Она знала о его особенностях. Он ненавидел появляться днем; носил золотой гвоздик в левом ухе; немного ел; не выносил соседей по комнате. Имелись и вопиюще-очевидные признаки: высокий как небоскреб; загадочно-сверкающие зеленые глаза; притягательные густые волосы. Одним словом — красивый столб мужественности.
— Я счастлив, что ты столь наблюдательна относительно моих особенностей.
— Как ты это делаешь?
Он опустил глаза.
— Делаю что?
— Ты знаешь — ты читаешь мои мысли. Ведь я не размышляла вслух?
— Видишь ли, глаза — зеркало души. А у тебя выразительные глаза поэта — все эмоции и мысли в них ясно читаются.
Поэзия никогда не производила на нее впечатления и не вызывала интереса, но она только что изменила свои взгляды на это искусство.
— Бьюсь об заклад, что ты так говоришь всем девушкам.
Вновь воцарилась тишина. Алек разглядывал Таню. Его взгляд стал суровым и пронзительным, а затем смягчился.
— Нет. — Его голос понизился, придав интимность моменту. — Только тебе, только тебе.
Вопреки себе самой она почувствовала, как от его слов все тело начало мягко покалывать, а пальцы на ногах свело судорогой.
Таня привстала и отодвинулась от своего рыцаря подальше. Ее халат распахнулся, выставив на обозрение ложбинку между грудей. Она замерла, понимая, что демонстрирует свое «добро». У нее запылало лицо, она села, чтобы запахнуть халат, но не раньше, чем Алек получил великолепное представление о ее девочках. Она была уверена, что за ее смятением он почувствовал запах вожделения.
Алек резко встал из-за стола и подошел к камину. Одной рукой он прислонился к каминной доске, а другую положил на бедро.

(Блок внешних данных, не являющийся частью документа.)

lemma fourier_integral_decay:
  fixes g :: "'e::euclidean_space \<Rightarrow> complex"
  assumes sm: "smooth_fn g" and supp: "\<And>z. R < norm z \<Longrightarrow> g z = 0"
    and B0: "\<And>z. norm (g z) \<le> B0" and "A \<ge> 0" "B \<ge> 0"
    and dB: "\<And>r vs y. r \<ge> 0 \<Longrightarrow> length vs = N \<Longrightarrow> (\<And>v. v \<in> set vs \<Longrightarrow> norm v \<le> r) \<Longrightarrow>
               norm (dderiv g vs y) \<le> (A * r) ^ N * B"
  shows "(1 + norm u) ^ N * norm (integral\<^sup>L lborel (\<lambda>z. g z * cis (- (u \<bullet> z))))
       \<le> 2 ^ N * (B0 * measure lborel (cball (0::'e) R))
         + (A * pi) ^ N * B * measure lborel (cball (0::'e) (R + N * pi))"
    (is "(1 + norm u) ^ N * norm ?F \<le> 2 ^ N * ?C0 + ?C1")
proof -
  have F0: "norm ?F \<le> ?C0"
    using supp B0 by (intro norm_integral_vanishing_outside_le continuous_on_mult
        smooth_fn_continuous[OF sm] continuous_on_cis_inner) (auto simp: norm_mult)
  show ?thesis
  proof (cases "norm u \<le> 1")
    case True
    then have "(1 + norm u) ^ N \<le> 2 ^ N" by (intro power_mono) auto
    then have "(1 + norm u) ^ N * norm ?F \<le> 2 ^ N * ?C0"
      using F0 by (intro mult_mono) auto
    moreover have "?C1 \<ge> 0"
      using \<open>A \<ge> 0\<close> \<open>B \<ge> 0\<close> by simp
    ultimately show ?thesis by linarith
  next
    case False
    then have "(1 + norm u) ^ N \<le> (2 * norm u) ^ N"
      by (intro power_mono) auto
    then have "(1 + norm u) ^ N * norm ?F \<le> (2 * norm u) ^ N * norm ?F"
      by (rule mult_right_mono) simp
    also have "\<dots> \<le> ?C1"
      using False by (intro fourier_integral_high_frequency_bound[OF sm supp \<open>A \<ge> 0\<close> \<open>B \<ge> 0\<close> dB]) auto
    moreover have "0 \<le> ?C0"
      using F0 norm_ge_zero[of ?F] by linarith
    then have "0 \<le> 2 ^ N * ?C0" by simp
    ultimately show ?thesis by linarith
  qed
qed

section \<open>Lower bounds on cones\<close>

lemma compact_pos_lower_bound:
  fixes f :: "'a::topological_space \<Rightarrow> real"
  assumes "compact S" "continuous_on S f" "\<And>x. x \<in> S \<Longrightarrow> 0 < f x"
  obtains c where "c > 0" "\<And>x. x \<in> S \<Longrightarrow> c \<le> f x"
proof (cases "S = {}")
  case True
  then show ?thesis using that[of 1] by simp
next
  case False
  then obtain x0 where "x0 \<in> S" "\<And>x. x \<in> S \<Longrightarrow> f x0 \<le> f x"
    using continuous_attains_inf[OF assms(1) False assms(2)] by blast
  then show ?thesis
    using that[of "f x0"] assms(3) by blast
qed
(* Let $\mathcal{K}$ be a finite index set (the base stations) and let $\mathcal{N}\subseteq\mathcal{K}$ be a nonempty subset (the cooperating base stations). For each $n\in\mathcal{K}$ let $P_n>0$, and assume that the values $P_n$, $n\in\mathcal{N}$, are pairwise distinct. Let $(h_n)_{n\in\mathcal{K}}$ be independent circularly symmetric complex Gaussian random variables with $\mathbb{E}[h_n]=0$ and $\mathbb{E}|h_n|^2=1$, so that $H_n:=|h_n|^2P_n$ are independent exponential random variables with means $P_n$. Let $\sigma_z^2\ge 0$ and define the SINR $$\gamma(\mathcal{N})=\frac{\sum_{n\in\mathcal{N}}|h_n|^2P_n}{\sum_{k\in\mathcal{K}\setminus\mathcal{N}}|h_k|^2P_k+\sigma_z^2}$$ (when $\sigma_z^2=0$ and $\mathcal{K}\setminus\mathcal{N}=\emptyset$ the statement is not considered). Then for every threshold $\gamma_{th}>0$, the outage probability $P^{out}_{\mathcal{N}}(\gamma_{th}):=\mathbb{P}\big(\gamma(\mathcal{N})\le\gamma_{th}\big)$ equals $$P^{out}_{\mathcal{N}}(\gamma_{th})=1-\sum_{n\in\mathcal{N}}\left(e^{-\gamma_{th}\sigma_z^2/P_n}\prod_{j\in\mathcal{N},\,j\neq n}\frac{P_n}{P_n-P_j}\prod_{k\in\mathcal{K}\setminus\mathcal{N}}\frac{P_n}{P_k\gamma_{th}+P_n}\right).$$
   Context: Model: a mobile receives a joint (coordinated multipoint) downlink transmission from the base stations in $\mathcal{N}$, while base stations in $\mathcal{K}\setminus\mathcal{N}$ act as interferers. $P_n$ is the average received power from base station $n$ (transmit power times path gain), $h_n$ is the Rayleigh fast-fading coefficient, and $\sigma_z^2$ is the thermal noise power. An empty product is equal to $1$. *)

theory Defs
  imports "HOL-Probability.Probability"
begin

text \<open>Density (w.r.t. Lebesgue measure on the complex plane) of a circularly
symmetric complex Gaussian with mean 0 and E|h|^2 = 1, i.e. CN(0,1).\<close>
definition cn01_density :: "complex \<Rightarrow> real" where
  "cn01_density z = exp (- (cmod z)\<^sup>2) / pi"
(* $\mathbf{E}[\lfloor r/2\rfloor] = 2/3 \pm O(1/i)$ and $\mathbf{E}[\lceil r/2 \rceil] = 4/3 \pm O(1/i)$.
   Context: In 2Merge$(A,B,T)$ with $T=(t_1,\dots,t_{i-2})$ sorted, $i$ even, $i\ge4$, after ensuring $A<B$, Step 2 compares $A$ with $t_{\lceil(1-2^{-r/2})i\rceil}$ for $r=1,2,\dots$ up to $2\lg i$ and stops at the first $r$ with $A<t_{\lceil(1-2^{-r/2})i\rceil}$; $r$ denotes this number of comparisons. The two inserted elements occupy uniformly random distinct positions among the $i$ positions, so given $A<B$, $\mathbf{Pr}[t_{\ell-1}<A<t_\ell]=(i-\ell)/\binom{i}{2}$; consequently $\mathbf{Pr}[r]=2^{-r}\pm O\!\left(\frac{1}{2^{r/2}i}\right)$. The expectations are over this distribution of $r$. *)

theory Defs
  imports Complex_Main
begin

text \<open>Index of the r-th probe in Step 2 of 2Merge: ceiling((1 - 2^(-r/2)) i).\<close>
definition probe_index :: "nat \<Rightarrow> nat \<Rightarrow> int" where
  "probe_index i r = \<lceil>(1 - 2 powr (- real r / 2)) * real i\<rceil>"

definition max_probes :: "nat \<Rightarrow> nat" where
  "max_probes i = nat \<lfloor>2 * log 2 (real i)\<rfloor>"

text \<open>Number of comparisons r in Step 2 when t_(l-1) < A < t_l:
  A < t_k iff l \<le> k, so Step 2 stops at the first r with l \<le> probe_index i r,
  and in any case after max_probes i comparisons.\<close>
definition num_cmp :: "nat \<Rightarrow> nat \<Rightarrow> nat" where
  "num_cmp i l = (LEAST r. 1 \<le> r \<and> (int l \<le> probe_index i r \<or> max_probes i \<le> r))"

text \<open>Pr[t_(l-1) < A < t_l] = (i - l) / (i choose 2), for l = 1..i-1.\<close>
definition pos_prob :: "nat \<Rightarrow> nat \<Rightarrow> real" where
  "pos_prob i l = (real i - real l) / real (i choose 2)"

definition expect_r :: "nat \<Rightarrow> (nat \<Rightarrow> real) \<Rightarrow> real" where
  "expect_r i g = (\<Sum>l = 1..i - 1. pos_prob i l * g (num_cmp i l))"

end

theory Submission
  imports Defs
begin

Создавалось впечатление, что он брал себя в руки.
Танин пульс участился.
Сколько же времени прошло с того момента, когда она в последний раз оказывалась в интимной обстановке с мужчиной? Это было так давно, что и не припомнишь.
Скривив уголки губ от отвращения, она вспомнила о своей еженощной церемонии смазывания миллиона ран йодом и смене бинтов. Зачем ему нужна женщина, прикидывающаяся мумией? Она сейчас находилась не в самом своем привлекательном виде. И, возможно, это к лучшему. Его окружала аура опасности, что делало Алека самым притягательным и интригующим мужчиной в мире, даже сейчас. Погруженные в раздумья плохие парни, в конечном счете, никогда не становятся хорошими героями.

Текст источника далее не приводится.